Saved data entries
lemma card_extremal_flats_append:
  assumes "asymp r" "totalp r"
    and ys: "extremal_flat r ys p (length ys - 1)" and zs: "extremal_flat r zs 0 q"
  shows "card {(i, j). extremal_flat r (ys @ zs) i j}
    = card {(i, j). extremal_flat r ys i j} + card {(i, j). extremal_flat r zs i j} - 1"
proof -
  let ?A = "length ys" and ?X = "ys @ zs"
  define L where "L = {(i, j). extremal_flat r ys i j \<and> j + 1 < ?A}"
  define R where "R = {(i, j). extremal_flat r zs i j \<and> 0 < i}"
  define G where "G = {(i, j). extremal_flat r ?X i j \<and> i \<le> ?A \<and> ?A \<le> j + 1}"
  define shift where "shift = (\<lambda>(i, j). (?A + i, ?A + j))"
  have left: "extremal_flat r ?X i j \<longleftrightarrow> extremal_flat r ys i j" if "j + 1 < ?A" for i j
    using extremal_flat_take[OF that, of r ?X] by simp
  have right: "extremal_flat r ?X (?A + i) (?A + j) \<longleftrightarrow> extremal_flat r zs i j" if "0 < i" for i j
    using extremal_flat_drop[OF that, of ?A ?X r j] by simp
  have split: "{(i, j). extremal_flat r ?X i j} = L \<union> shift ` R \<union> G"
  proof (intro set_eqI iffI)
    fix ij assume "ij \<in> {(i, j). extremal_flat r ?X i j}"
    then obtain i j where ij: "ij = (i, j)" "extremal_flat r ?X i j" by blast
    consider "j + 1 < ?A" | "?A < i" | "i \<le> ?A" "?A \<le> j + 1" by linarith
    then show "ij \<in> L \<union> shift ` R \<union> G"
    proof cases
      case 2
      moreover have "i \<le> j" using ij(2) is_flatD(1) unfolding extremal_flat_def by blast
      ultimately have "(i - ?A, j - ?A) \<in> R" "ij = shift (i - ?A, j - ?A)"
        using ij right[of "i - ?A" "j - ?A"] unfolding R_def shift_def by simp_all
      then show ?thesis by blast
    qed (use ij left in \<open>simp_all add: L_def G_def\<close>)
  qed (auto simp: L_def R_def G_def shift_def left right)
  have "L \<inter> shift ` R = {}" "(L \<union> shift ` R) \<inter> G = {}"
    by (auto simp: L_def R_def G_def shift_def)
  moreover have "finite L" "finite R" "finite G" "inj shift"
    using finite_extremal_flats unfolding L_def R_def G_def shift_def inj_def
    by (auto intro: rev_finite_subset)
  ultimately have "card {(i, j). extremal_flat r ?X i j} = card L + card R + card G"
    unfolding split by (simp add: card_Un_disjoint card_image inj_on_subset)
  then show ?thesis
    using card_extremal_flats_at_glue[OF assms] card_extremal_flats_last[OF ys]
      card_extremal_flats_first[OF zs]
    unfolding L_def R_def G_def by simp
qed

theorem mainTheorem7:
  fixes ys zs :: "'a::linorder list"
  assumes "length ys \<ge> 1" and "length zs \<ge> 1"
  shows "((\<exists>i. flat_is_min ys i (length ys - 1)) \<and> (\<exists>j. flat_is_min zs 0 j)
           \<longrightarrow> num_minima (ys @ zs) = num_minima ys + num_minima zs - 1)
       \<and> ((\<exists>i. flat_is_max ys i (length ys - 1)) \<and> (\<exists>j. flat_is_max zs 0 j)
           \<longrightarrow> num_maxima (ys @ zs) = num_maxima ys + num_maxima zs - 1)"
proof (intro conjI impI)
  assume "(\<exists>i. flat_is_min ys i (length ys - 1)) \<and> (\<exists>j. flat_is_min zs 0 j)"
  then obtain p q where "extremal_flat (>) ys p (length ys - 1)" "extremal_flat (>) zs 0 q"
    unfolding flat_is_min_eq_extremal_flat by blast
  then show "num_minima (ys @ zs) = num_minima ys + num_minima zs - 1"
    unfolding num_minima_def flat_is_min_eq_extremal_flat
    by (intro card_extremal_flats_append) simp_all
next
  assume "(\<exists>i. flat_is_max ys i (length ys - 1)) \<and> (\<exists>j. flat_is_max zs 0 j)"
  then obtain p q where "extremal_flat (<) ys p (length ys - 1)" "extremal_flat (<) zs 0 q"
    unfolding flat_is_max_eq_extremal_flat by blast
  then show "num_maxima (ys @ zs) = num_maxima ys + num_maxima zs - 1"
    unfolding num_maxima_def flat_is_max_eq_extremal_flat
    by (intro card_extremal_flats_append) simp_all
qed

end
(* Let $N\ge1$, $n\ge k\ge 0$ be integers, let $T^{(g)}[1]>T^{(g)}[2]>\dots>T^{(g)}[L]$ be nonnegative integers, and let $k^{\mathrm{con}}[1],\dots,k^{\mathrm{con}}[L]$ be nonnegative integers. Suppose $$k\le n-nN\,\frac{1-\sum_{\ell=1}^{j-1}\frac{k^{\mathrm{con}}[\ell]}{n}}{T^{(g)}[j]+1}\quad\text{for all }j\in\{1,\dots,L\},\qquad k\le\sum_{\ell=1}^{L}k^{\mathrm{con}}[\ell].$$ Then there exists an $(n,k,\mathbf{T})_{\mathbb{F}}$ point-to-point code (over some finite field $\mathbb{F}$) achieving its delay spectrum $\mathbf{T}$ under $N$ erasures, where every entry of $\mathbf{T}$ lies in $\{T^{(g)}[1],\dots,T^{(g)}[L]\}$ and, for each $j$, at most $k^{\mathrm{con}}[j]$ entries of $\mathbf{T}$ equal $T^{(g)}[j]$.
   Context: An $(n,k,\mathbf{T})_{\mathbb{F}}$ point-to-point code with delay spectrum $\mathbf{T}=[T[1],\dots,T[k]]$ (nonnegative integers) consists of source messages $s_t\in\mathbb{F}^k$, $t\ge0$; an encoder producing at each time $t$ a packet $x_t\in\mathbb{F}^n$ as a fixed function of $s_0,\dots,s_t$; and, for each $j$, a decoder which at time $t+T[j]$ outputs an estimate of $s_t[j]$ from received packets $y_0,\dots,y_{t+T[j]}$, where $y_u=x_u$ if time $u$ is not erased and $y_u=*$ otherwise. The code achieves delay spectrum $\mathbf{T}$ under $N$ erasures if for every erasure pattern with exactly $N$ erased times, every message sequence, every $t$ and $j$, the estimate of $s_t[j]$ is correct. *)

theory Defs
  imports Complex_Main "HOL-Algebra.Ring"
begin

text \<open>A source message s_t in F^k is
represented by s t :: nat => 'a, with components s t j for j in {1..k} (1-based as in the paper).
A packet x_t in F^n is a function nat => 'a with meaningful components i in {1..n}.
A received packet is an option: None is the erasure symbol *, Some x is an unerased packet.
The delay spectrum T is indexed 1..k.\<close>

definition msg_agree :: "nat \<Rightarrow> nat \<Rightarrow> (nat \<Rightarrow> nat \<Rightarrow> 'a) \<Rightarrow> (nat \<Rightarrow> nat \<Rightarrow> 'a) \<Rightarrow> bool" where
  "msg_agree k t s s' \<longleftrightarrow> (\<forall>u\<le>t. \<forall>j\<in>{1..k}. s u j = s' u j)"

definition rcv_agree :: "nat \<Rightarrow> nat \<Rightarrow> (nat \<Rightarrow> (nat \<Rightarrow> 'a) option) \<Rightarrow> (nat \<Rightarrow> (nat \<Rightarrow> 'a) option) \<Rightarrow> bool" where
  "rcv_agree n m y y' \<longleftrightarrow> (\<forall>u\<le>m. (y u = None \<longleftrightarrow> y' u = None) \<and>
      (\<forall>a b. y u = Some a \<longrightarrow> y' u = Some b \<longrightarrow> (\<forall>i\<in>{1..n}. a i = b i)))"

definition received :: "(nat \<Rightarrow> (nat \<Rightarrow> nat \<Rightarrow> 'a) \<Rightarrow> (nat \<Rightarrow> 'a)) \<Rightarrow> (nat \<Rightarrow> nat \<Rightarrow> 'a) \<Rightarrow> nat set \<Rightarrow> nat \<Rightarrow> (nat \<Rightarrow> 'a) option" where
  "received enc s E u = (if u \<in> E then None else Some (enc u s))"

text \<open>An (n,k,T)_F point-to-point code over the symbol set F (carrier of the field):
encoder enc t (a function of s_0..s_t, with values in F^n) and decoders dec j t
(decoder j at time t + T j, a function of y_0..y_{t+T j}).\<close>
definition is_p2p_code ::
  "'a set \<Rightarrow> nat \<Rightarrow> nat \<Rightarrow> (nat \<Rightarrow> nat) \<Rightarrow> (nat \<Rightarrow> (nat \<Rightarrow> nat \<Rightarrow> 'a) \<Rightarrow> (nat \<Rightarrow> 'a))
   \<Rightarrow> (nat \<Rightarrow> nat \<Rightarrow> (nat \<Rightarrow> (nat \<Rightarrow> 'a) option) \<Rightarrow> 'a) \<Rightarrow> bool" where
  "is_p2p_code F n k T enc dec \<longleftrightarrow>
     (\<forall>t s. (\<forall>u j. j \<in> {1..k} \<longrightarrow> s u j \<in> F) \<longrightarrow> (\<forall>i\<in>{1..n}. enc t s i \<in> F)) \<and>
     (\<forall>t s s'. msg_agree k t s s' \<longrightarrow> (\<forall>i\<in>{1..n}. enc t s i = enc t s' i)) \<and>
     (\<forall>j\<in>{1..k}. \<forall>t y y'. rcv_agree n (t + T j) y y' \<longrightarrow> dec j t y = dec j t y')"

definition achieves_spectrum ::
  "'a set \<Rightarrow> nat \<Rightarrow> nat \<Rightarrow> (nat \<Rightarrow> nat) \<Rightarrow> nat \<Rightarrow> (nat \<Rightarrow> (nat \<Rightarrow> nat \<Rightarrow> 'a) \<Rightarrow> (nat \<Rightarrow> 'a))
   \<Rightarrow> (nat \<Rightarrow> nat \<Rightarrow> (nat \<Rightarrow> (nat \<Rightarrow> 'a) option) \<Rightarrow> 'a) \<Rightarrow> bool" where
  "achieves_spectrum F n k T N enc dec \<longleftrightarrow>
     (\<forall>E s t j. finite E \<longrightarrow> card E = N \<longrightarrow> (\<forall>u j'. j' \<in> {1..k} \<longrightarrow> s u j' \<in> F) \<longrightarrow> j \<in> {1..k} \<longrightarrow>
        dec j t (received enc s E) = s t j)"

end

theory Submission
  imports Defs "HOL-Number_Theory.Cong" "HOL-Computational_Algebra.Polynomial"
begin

WHAT IS REQUIRED: An exact, complete copy of the lines above from the one with "nat \<Rightarrow> 'a) \<Rightarrow> (nat \<Rightarrow> nat" through the one with "(\<forall>a b. y" is the whole answer.

SOLUTION TO THIS PROBLEM:
definition msg_agree :: "nat \<Rightarrow> nat \<Rightarrow> (nat \<Rightarrow> nat \<Rightarrow> 'a) \<Rightarrow> (nat \<Rightarrow> nat \<Rightarrow> 'a) \<Rightarrow> bool" where
  "msg_agree k t s s' \<longleftrightarrow> (\<forall>u\<le>t. \<forall>j\<in>{1..k}. s u j = s' u j)"

definition rcv_agree :: "nat \<Rightarrow> nat \<Rightarrow> (nat \<Rightarrow> (nat \<Rightarrow> 'a) option) \<Rightarrow> (nat \<Rightarrow> (nat \<Rightarrow> 'a) option) \<Rightarrow> bool" where
  "rcv_agree n m y y' \<longleftrightarrow> (\<forall>u\<le>m. (y u = None \<longleftrightarrow> y' u = None) \<and>
      (\<forall>a b. y u = Some a \<longrightarrow> y' u = Some b \<longrightarrow> (\<forall>i\<in>{1..n}. a i = b i)))"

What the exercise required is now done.